Tell how many lines in these records contain the string "intro", with only the number as the reply.

• • • • • • •

text \<open>Approximate h from above by the countably-valued dyadic ceilings and pass to the limit
  on both sides, using right continuity of F.\<close>
lemma prob_le_cond_cdf:
  assumes [measurable]: "h \<in> borel_measurable borel" "A \<in> sets borel"
  shows "prob {\<omega>\<in>space M. X \<omega> \<in> A \<and> Y \<omega> \<le> h (X \<omega>)} = (LINT x:A|distr M borel X. F x (h x))"
proof -
  define E where "E n = {\<omega>\<in>space M. X \<omega> \<in> A \<and> Y \<omega> \<le> dyadic_ceiling n (h (X \<omega>))}" for n
  have E_sets [measurable]: "E n \<in> sets M" for n
    unfolding E_def by measurable
  have "decseq E"
    unfolding E_def using dyadic_ceiling_Suc_le order_trans
    by (intro decseq_SucI) blast
  then have lim_prob: "(\<lambda>n. prob (E n)) \<longlonglongrightarrow> prob (\<Inter>n. E n)"
    by (intro finite_Lim_measure_decseq) (auto simp: E_sets)
  have Inter_E: "(\<Inter>n. E n) = {\<omega>\<in>space M. X \<omega> \<in> A \<and> Y \<omega> \<le> h (X \<omega>)}"
    unfolding E_def
    by (auto intro: LIMSEQ_le_const[OF dyadic_ceiling_tendsto] order_trans[OF _ le_dyadic_ceiling])
  have prob_E: "prob (E n) = (LINT x:A|distr M borel X. F x (dyadic_ceiling n (h x)))" for n
    unfolding E_def
    by (rule prob_le_cond_cdf_countable[where S = "range (\<lambda>k::int. real_of_int k / 2 ^ n)"])
      (simp_all add: dyadic_ceiling_in_range)
  have "(\<lambda>n. LINT x:A|distr M borel X. F x (dyadic_ceiling n (h x)))
      \<longlonglongrightarrow> (LINT x:A|distr M borel X. F x (h x))"
    unfolding set_lebesgue_integral_def
  proof (rule integral_dominated_convergence[where w = "\<lambda>_. 1"])
    show "AE x in distr M borel X. (\<lambda>n. indicat_real A x *\<^sub>R F x (dyadic_ceiling n (h x)))
        \<longlonglongrightarrow> indicat_real A x *\<^sub>R F x (h x)"
      by (intro AE_I2 tendsto_scaleR[OF tendsto_const] distribution_function_tendsto_from_above
          [OF distribution_function_cond_cdf le_dyadic_ceiling dyadic_ceiling_tendsto])
    show "AE x in distr M borel X. norm (indicat_real A x *\<^sub>R F x (dyadic_ceiling n (h x))) \<le> 1" for n
      by (intro AE_I2) (simp add: indicator_def cond_cdf_nonneg cond_cdf_le_one)
    show "integrable (distr M borel X) (\<lambda>_. 1)"
      using prob_space_distr_X by (simp add: prob_space.finite_measure finite_measure.integrable_const)
  qed simp_all
  then show ?thesis
    using LIMSEQ_unique[OF lim_prob] by (simp add: Inter_E prob_E)
qed

lemma AE_cond_cdf_eq_const_iff:
  assumes [measurable]: "h \<in> borel_measurable borel"
  shows "(AE x in distr M borel X. F x (h x) = s) \<longleftrightarrow>
    (\<forall>A\<in>sets borel. prob {\<omega>\<in>space M. X \<omega> \<in> A \<and> Y \<omega> \<le> h (X \<omega>)} = s * prob {\<omega>\<in>space M. X \<omega> \<in> A})"
proof -
  have "prob {\<omega>\<in>space M. X \<omega> \<in> A \<and> Y \<omega> \<le> h (X \<omega>)} = s * prob {\<omega>\<in>space M. X \<omega> \<in> A} \<longleftrightarrow>
      (LINT x:A|distr M borel X. F x (h x)) = (LINT x:A|distr M borel X. s)"
    if [measurable]: "A \<in> sets borel" for A
  proof -
    have "(LINT x:A|distr M borel X. s) = s * measure (distr M borel X) A"
      using prob_space.finite_measure[OF prob_space_distr_X]
      by (simp add: set_integral_const finite_measure.emeasure_finite)
    then show ?thesis
      by (simp add: prob_le_cond_cdf prob_X_eq)
  qed
  moreover have "(AE x in distr M borel X. F x (h x) = s) \<longleftrightarrow>
      (\<forall>A\<in>sets borel. (LINT x:A|distr M borel X. F x (h x)) = (LINT x:A|distr M borel X. s))"
  proof
    assume "AE x in distr M borel X. F x (h x) = s"
    then show "\<forall>A\<in>sets borel. (LINT x:A|distr M borel X. F x (h x)) = (LINT x:A|distr M borel X. s)"
      by (auto intro!: set_lebesgue_integral_cong_AE elim: AE_mp)
  next
    assume "\<forall>A\<in>sets borel. (LINT x:A|distr M borel X. F x (h x)) = (LINT x:A|distr M borel X. s)"
    then show "AE x in distr M borel X. F x (h x) = s"
      using prob_space.finite_measure[OF prob_space_distr_X]
      by (intro density_unique_real integrable_cond_cdf_comp) (simp_all add: finite_measure.integrable_const)
  qed
  ultimately show ?thesis by simp
qed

• • • • • • •

Answer to this exercise: 7